What would you do? You’ve already catalysed the mother of all chaos threatening to engulf Britain by refusing to accept one crown; your destiny is dovetailing right in front of you with all that’s been forecast before, and this seems the only way to combat the unholy legion assembled to lay waste to this country.
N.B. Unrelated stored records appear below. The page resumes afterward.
lemma Ints_if_bounded_power_denominators:
  fixes q :: rat and C :: int
  assumes "C > 0" and "\<And>k. of_int C * q ^ k \<in> \<int>"
  shows "q \<in> \<int>"
proof -
  obtain u v where q: "quotient_of q = (u, v)" by (cases "quotient_of q")
  have dvd: "v ^ k dvd C" for k
    using quotient_of_denom_power_dvd[OF q assms(2)] .
  have "v = 1"
  proof (rule ccontr)
    assume "v \<noteq> 1"
    hence "2 ^ nat C \<le> v ^ nat C" using q quotient_of_denom_pos by (intro power_mono) force+
    also have "\<dots> \<le> C" using dvd assms(1) by (rule zdvd_imp_le)
    finally have "int (2 ^ nat C) \<le> C" by simp
    moreover have "nat C < 2 ^ nat C" by (rule less_exp)
    ultimately show False by linarith
  qed
  thus ?thesis using quotient_of_div[OF q] by simp
qed

lemma Ints_if_squarefree_times_square:
  fixes q :: rat
  assumes "squarefree D" and "of_int D * q\<^sup>2 \<in> \<int>"
  shows "q \<in> \<int>"
proof -
  obtain u v where q: "quotient_of q = (u, v)" by (cases "quotient_of q")
  have "v\<^sup>2 dvd D" using quotient_of_denom_power_dvd[OF q assms(2)] .
  hence "v dvd 1" using assms(1) squarefreeD by blast
  hence "v = 1" using q quotient_of_denom_pos by fastforce
  thus ?thesis using quotient_of_div[OF q] by simp
qed
lemma avg_majorant_mono:
  assumes "\<And>j. j \<le> n \<Longrightarrow> c j \<le> d j"
  shows "avg_majorant n c j \<le> avg_majorant n d j"
  using assms[of n] assms[of "Suc j"] assms[of "j - 1"] by (auto simp: avg_majorant_def add_mono)

lemma avg_majorant_cong:
  "(\<And>j. j \<le> n \<Longrightarrow> c j = d j) \<Longrightarrow> avg_majorant n c = avg_majorant n d"
  by (rule ext) (simp add: avg_majorant_def)

lemma capped_profile:
  assumes "concave_upto n c" "mono_upto n c" "m \<le> n"
  shows "concave_upto n (\<lambda>j. c (min j m))" "mono_upto n (\<lambda>j. c (min j m))"
proof -
  have c: "c i \<le> c j" if "i \<le> j" "j \<le> n" for i j using mono_uptoD[OF assms(2) that] .
  show "mono_upto n (\<lambda>j. c (min j m))"
    unfolding mono_upto_def using c assms(3) by simp
  show "concave_upto n (\<lambda>j. c (min j m))"
    unfolding concave_upto_def
  proof (intro allI impI)
    fix i assume i: "1 \<le> i" "i < n"
    show "c (min (Suc i) m) - c (min i m) \<le> c (min i m) - c (min (i - 1) m)"
    proof (cases "Suc i \<le> m")
      case True then show ?thesis using concave_uptoD[OF assms(1) i] by simp
    next
      case False then show ?thesis using c[of "min (i - 1) m" m] assms(3) by simp
    qed
  qed
qed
But as Jonathan once pointed out, all of this is divulged by Morgan Le Fey, and she has hardly been renowned either for honesty or altruism.
Duncan Fegredo astounds.
The Rodin of comics has clearly pored over Mignola’s own art to capture all the nuances and sensibilities of what makes Hellboy so special (there’s a sketchbook exchange in the back), then added even more weight to his already hefty hands and forearms. There’s always been something slightly simian about the scarlet giant’s gait: it’s not just the tail but, here, how far his extended upper limbs drop towards the ground, all adding up to an aspect of being ancient.
To have chosen such a British artist for this British tale was a masterstroke, and Fegredo delivers on all fronts from a vicar’s tweed jacket to a policeman’s short-sleeved summer uniform.
His masonry is monumental, whether it’s a high-vaulted country church with sturdy stone columns and space-spanning arches, its pews lined in perfect perspective, or an old county pile complete with corner quoining, some old, leaded windows surrounded by climbing ivy and a Tudor-style, back entrance porch from which so many slightly cracked steps lead down that it suggests another journey altogether. The detail is staggering.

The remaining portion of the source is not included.